Well, I think it's like this. A Princeton Reverb sounds closer to a Deluxe Reverb than it does a Tweed Deluxe But, they don't really sound the same either. BTW this would be a whole lot easier if you had *SPEAKERS!!*. I'm working with broad generalizations because it's simpler. Mhammer's right, but for simplicity's sake I'm going with the main differences.


----------



## greco (Jul 15, 2007)

Rugburn said:


> BTW this would be a whole lot easier if you had *SPEAKERS!!*.


This is an inside joke....Shawn is always teasing me that I need to get a sound card and speakers for my computer. 

The sound card I have uses NOS tubes and replacements are really hard to find...:sport-smiley-002:

Thanks for all the cool discussion guys.

Cheers

Dave

<<Remember ...must buy speakers, must buy speakers>>


----------



## Ripper (Jul 1, 2006)

YOu can't talk about tweeds without mentioning the old Pro and vibrolux as well. Both incredible sounding amps.


----------



## jimihendrix (Jun 27, 2009)

Rugburn said:


> Re-reading your question I realize you were interested in the circuit names. The Victoria amp company renames these I suppose for legal reasons. Here are the circuit names with their corresponding model.
> 
> 5e3 = Deluxe
> 5e8 = Twin
> ...


hey there...just to toss a wrench into the works...when jim marshall...*cough*...*cough*...um..."borrowed" the 5f6a Bassman circuit...do you think he was chasing the tweed tone...???...


----------



## Rugburn (Jan 14, 2009)

jimihendrix said:


> hey there...just to toss a wrench into the works...when jim marshall...*cough*...*cough*...um..."borrowed" the 5f6a Bassman circuit...do you think he was chasing the tweed tone...???...

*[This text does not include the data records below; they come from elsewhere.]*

lemma kernel_constant_on_components:
  assumes valid: "valid_edges n es" and x: "x \<in> carrier_vec n"
    and kernel: "transpose_mat (incidence n es) *\<^sub>v x = 0\<^sub>v (length es)"
    and "reach es u v"
  shows "x $ u = x $ v"
  using assms(4) unfolding reach_def
proof (induction rule: rtranclp_induct)
  case (step v w)
  obtain k where k: "k < length es" "es ! k = (v, w) \<or> es ! k = (w, v)"
    using step.hyps(2) unfolding adj_def by (auto simp: in_set_conv_nth)
  then have "x $ v = x $ w"
    using incidence_coboundary[OF valid k(1) _ x] kernel by (metis eq_iff_diff_eq_0 index_zero_vec(1))
  then show ?case using step.IH by simp
qed simp

definition indicator_mat :: "nat \<Rightarrow> nat \<Rightarrow> (nat \<Rightarrow> nat set) \<Rightarrow> real mat" where
  "indicator_mat n c h = mat n c (\<lambda>(v, j). if v \<in> h j then 1 else 0)"

lemma incidence_orthogonal_indicator:
  assumes valid: "valid_edges n es"
    and closed: "\<And>a b j. (a, b) \<in> set es \<Longrightarrow> j < c \<Longrightarrow> a \<in> h j \<longleftrightarrow> b \<in> h j"
  shows "transpose_mat (incidence n es) * indicator_mat n c h = 0\<^sub>m (length es) c"
proof (rule eq_matI)
  fix k j assume kj: "k < dim_row (0\<^sub>m (length es) c)" "j < dim_col (0\<^sub>m (length es) c)"
  obtain a b where ab: "es ! k = (a, b)" by fastforce
  have col: "col (indicator_mat n c h) j \<in> carrier_vec n"
    unfolding indicator_mat_def carrier_vec_def by simp
  have "(transpose_mat (incidence n es) * indicator_mat n c h) $$ (k, j)
      = (transpose_mat (incidence n es) *\<^sub>v col (indicator_mat n c h) j) $ k"
    using kj unfolding indicator_mat_def incidence_def by simp
  also have "\<dots> = col (indicator_mat n c h) j $ a - col (indicator_mat n c h) j $ b"
    using kj by (intro incidence_coboundary[OF valid _ ab col]) simp
  also have "\<dots> = 0"
    using kj closed[of a b j] nth_mem[of k es] valid
    by (auto simp: indicator_mat_def valid_edges_def ab)
  finally show "(transpose_mat (incidence n es) * indicator_mat n c h) $$ (k, j)
      = 0\<^sub>m (length es) c $$ (k, j)" using kj by simp
qed (auto simp: indicator_mat_def incidence_def)
(* Let $\varphi\in C^2(\partial B^2)$ and let $u=\Psi_{B^2,\varphi}$ on $B^2$, extended by $u=\varphi$ on $\partial B^2$. Then $u\in Lip(\overline{B^2})$, i.e. $u$ is Lipschitz on $\overline{B^2}$.
   Context: $B^2$ is the unit ball of $\mathbb{O}^2\cong\mathbb{R}^{16}$, $\mathbb{O}$ the octonions (basis $e_0=1,\dots,e_7$, $e_p^2=-1$, $e_pe_q=-e_qe_p$ for $p\ne q\ge1$). $OPSH(\Omega)$: upper semicontinuous $[-\infty,\infty)$-valued functions subharmonic on every affine octonionic line (translate of $\{(\mathbf{x},\mathbf{b}\mathbf{x}):\mathbf{x}\in\mathbb{O}\}$, $\mathbf{b}\in\mathbb{O}$, or of $\{(0,\mathbf{x})\}$). Perron–Bremermann function: $\Psi_{B^2,\varphi}(\mathbf{x})=\sup\{w(\mathbf{x}):w\in OPSH(B^2),\ \limsup_{B^2\ni\mathbf{y}\to\mathbf{z}}w(\mathbf{y})\le\varphi(\mathbf{z})\ \forall\mathbf{z}\in\partial B^2\}$. *)

theory Defs
  imports "HOL-Analysis.Analysis" "HOL-Library.Liminf_Limsup"
begin

section \<open>Octonions via the Cayley--Dickson construction\<close>

type_synonym quat = "complex \<times> complex"
type_synonym oct = "quat \<times> quat"

definition qmult :: "quat \<Rightarrow> quat \<Rightarrow> quat" where
  "qmult p q = (case p of (a, b) \<Rightarrow> case q of (c, d) \<Rightarrow>
      (a * c - cnj d * b, d * a + b * cnj c))"

definition qcnj :: "quat \<Rightarrow> quat" where
  "qcnj p = (case p of (a, b) \<Rightarrow> (cnj a, - b))"

definition omult :: "oct \<Rightarrow> oct \<Rightarrow> oct" where
  "omult p q = (case p of (a, b) \<Rightarrow> case q of (c, d) \<Rightarrow>
      (qmult a c - qmult (qcnj d) b, qmult d a + qmult b (qcnj c)))"

definition C2_on :: "'a::euclidean_space set \<Rightarrow> ('a \<Rightarrow> real) \<Rightarrow> bool" where
  "C2_on U f \<longleftrightarrow> (\<exists>(D :: 'a \<Rightarrow> ('a \<Rightarrow>\<^sub>L real)) (D2 :: 'a \<Rightarrow> ('a \<Rightarrow>\<^sub>L ('a \<Rightarrow>\<^sub>L real))).
      (\<forall>x\<in>U. (f has_derivative blinfun_apply (D x)) (at x)) \<and>
      (\<forall>x\<in>U. (D has_derivative blinfun_apply (D2 x)) (at x)) \<and>
      continuous_on U D2)"
definition martingale :: "'a measure \<Rightarrow> (real \<Rightarrow> 'a \<Rightarrow> real) \<Rightarrow> bool" where
  "martingale N Y \<longleftrightarrow>
     (\<forall>t\<ge>0. Y t \<in> borel_measurable N \<and> integrable N (Y t)) \<and>
     (\<forall>s t. 0 \<le> s \<and> s \<le> t \<longrightarrow>
        (\<forall>A\<in>sets (natural_filtration N Y s).
           (\<integral>\<omega>. indicator A \<omega> * Y t \<omega> \<partial>N) = (\<integral>\<omega>. indicator A \<omega> * Y s \<omega> \<partial>N)))"

end

theory Submission
  imports Defs
begin

text \<open>
  For \<open>t \<ge> exp (- a)\<close> the process \<open>X\<close> is represented by
  \<open>\<surd>t exp (- \<zeta>(a + ln t) / 2) B(exp \<zeta>(a + ln t))\<close>. With \<open>a = - ln t\<close> only \<open>\<zeta>(0) = 0\<close>
  enters, so \<open>X\<^sub>t\<close> has the law of \<open>\<surd>t B\<^sub>1\<close>, which by Brownian scaling is the law of \<open>B\<^sub>t\<close>.

  If \<open>Y\<^sub>t = exp (X\<^sub>t - t / 2)\<close> is a martingale, then \<open>E[Y\<^sub>1\<^sup>k Y\<^sub>t] = E[Y\<^sub>1\<^sup>k Y\<^sub>1]\<close>. For \<open>t = exp u\<close>
  the representation with \<open>a = 0\<close> expresses the left-hand side through \<open>B\<close> and the independent
  \<open>\<zeta>\<close>; integrating out \<open>B\<close> with its Gaussian exponential moments leaves
  \<open>E exp (k W) = exp k\<close> for \<open>W = exp ((u - \<zeta>\<^sub>u) / 2)\<close>. For \<open>k = 1, 2\<close> this says that \<open>exp W\<close>
  has mean \<open>e\<close> and variance \<open>0\<close>, so \<open>W = 1\<close>, i.e. \<open>\<zeta>\<^sub>u = u\<close>, almost surely.

  Conversely, if \<open>\<zeta>\<^sub>t = t\<close>, then on a finite set of times \<open>\<ge> m\<close> the representation with
  \<open>a = - ln m\<close> is \<open>\<surd>m B(t / m)\<close>, which by Brownian scaling has the finite-dimensional
  distributions of \<open>B\<close>. Scaling only involves the independent Gaussian increments of \<open>B\<close>;
  path continuity is needed only to make \<open>B\<close> at a random time measurable.
\<close>

section \<open>Processes with independent Gaussian increments\<close>

lemma normal_density_mult_exp:
  assumes "0 < \<sigma>"
  shows "normal_density 0 \<sigma> x * exp (l * x) = exp (l\<^sup>2 * \<sigma>\<^sup>2 / 2) * normal_density (l * \<sigma>\<^sup>2) \<sigma> x"
proof -
  have "- x\<^sup>2 / (2 * \<sigma>\<^sup>2) + l * x = l\<^sup>2 * \<sigma>\<^sup>2 / 2 - (x - l * \<sigma>\<^sup>2)\<^sup>2 / (2 * \<sigma>\<^sup>2)"
    using assms by (simp add: field_simps power2_eq_square)
  then show ?thesis
    unfolding normal_density_def by (simp add: exp_add[symmetric] exp_diff[symmetric] mult_ac)
qed

lemma nn_integral_exp_normal:
  assumes X: "distributed M lborel X (normal_density 0 \<sigma>)" and "0 < \<sigma>"
  shows "(\<integral>\<^sup>+\<omega>. exp (l * X \<omega>) \<partial>M) = exp (l\<^sup>2 * \<sigma>\<^sup>2 / 2)"
proof -
  have "(\<integral>\<^sup>+\<omega>. exp (l * X \<omega>) \<partial>M) = (\<integral>\<^sup>+x. normal_density 0 \<sigma> x * exp (l * x) \<partial>lborel)"
    using distributed_nn_integral[OF X, of "\<lambda>x. exp (l * x)"] by (simp add: ennreal_mult')
  also have "\<dots> = (\<integral>\<^sup>+x. exp (l\<^sup>2 * \<sigma>\<^sup>2 / 2) * ennreal (normal_density (l * \<sigma>\<^sup>2) \<sigma> x) \<partial>lborel)"
    using \<open>0 < \<sigma>\<close> by (simp add: normal_density_mult_exp ennreal_mult')
  also have "\<dots> = exp (l\<^sup>2 * \<sigma>\<^sup>2 / 2)"
    using \<open>0 < \<sigma>\<close> by (simp add: nn_integral_cmult nn_integral_eq_integral)
  finally show ?thesis .
qed

definition gaussian_increments :: "'a measure \<Rightarrow> (real \<Rightarrow> 'a \<Rightarrow> real) \<Rightarrow> bool" where
  "gaussian_increments M U \<longleftrightarrow> prob_space M \<and>
     (\<forall>t\<ge>0. U t \<in> borel_measurable M) \<and>
     (\<forall>\<omega>\<in>space M. U 0 \<omega> = 0) \<and>
     (\<forall>s t. 0 \<le> s \<and> s < t \<longrightarrow>
        distributed M lborel (\<lambda>\<omega>. U t \<omega> - U s \<omega>) (normal_density 0 (sqrt (t - s)))) \<and>
     indep_increments M U"

lemma
  assumes "gaussian_increments M U"
  shows gaussian_increments_prob_space: "prob_space M"
    and gaussian_increments_measurable: "0 \<le> t \<Longrightarrow> U t \<in> borel_measurable M"
    and gaussian_increments_zero: "\<omega> \<in> space M \<Longrightarrow> U 0 \<omega> = 0"
    and gaussian_increments_distributed: "0 \<le> s \<Longrightarrow> s < t \<Longrightarrow>
      distributed M lborel (\<lambda>\<omega>. U t \<omega> - U s \<omega>) (normal_density 0 (sqrt (t - s)))"
    and gaussian_increments_indep: "indep_increments M U"
  using assms unfolding gaussian_increments_def by blast+

lemma
  assumes "standard_BM M B"
  shows standard_BM_gaussian_increments: "gaussian_increments M B"
    and standard_BM_continuous: "\<omega> \<in> space M \<Longrightarrow> continuous_on {0..} (\<lambda>t. B t \<omega>)"
  using assms unfolding standard_BM_def gaussian_increments_def by blast+

lemma gaussian_increments_distributed_at:
  assumes U: "gaussian_increments M U" and "0 < t"
  shows "distributed M lborel (U t) (normal_density 0 (sqrt t))"
proof -
  have "distributed M lborel (\<lambda>\<omega>. U t \<omega> - U 0 \<omega>) (normal_density 0 (sqrt (t - 0)))"
    using gaussian_increments_distributed[OF U, of 0 t] \<open>0 < t\<close> by simp
  moreover have "distr M lborel (\<lambda>\<omega>. U t \<omega> - U 0 \<omega>) = distr M lborel (U t)"
    "(\<lambda>\<omega>. U t \<omega> - U 0 \<omega>) \<in> borel_measurable M \<longleftrightarrow> U t \<in> borel_measurable M"
    using gaussian_increments_zero[OF U] by (auto intro!: distr_cong measurable_cong)
  ultimately show ?thesis
    unfolding distributed_def by simp
qed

Hey Jimi, I'm not going to try and guess what Jim Marshall was chasing tone wise in 1962. I will say that the earliest JTM45s were powered by 5881s rather than 6L6s. Of course it was a head pumped into a 4x12 closed back cab loaded with Celestions, rather than an open-backed combo with 4X10 Jensens. Otherwise the schematics are identical. I don't think there's much doubt that Marshall was building a "super" Bassman of sorts. Others may have more insight. I like vintage Marshalls, but I'm not as experienced or as excited by them generally speaking, as I am with Vox amps as far as the British thing goes.


----------



## jimihendrix (Jun 27, 2009)

hey there...from what i've read over the years...leo was a radio repairman that saw an opportunity to produce amps for a new untapped guitar market...being that he came from a radio background he was trying to come up with amp designs that that were distortion free...no matter what circuit he experimented with...the final goal was the same....the cleanest purest tone..."tweed tone"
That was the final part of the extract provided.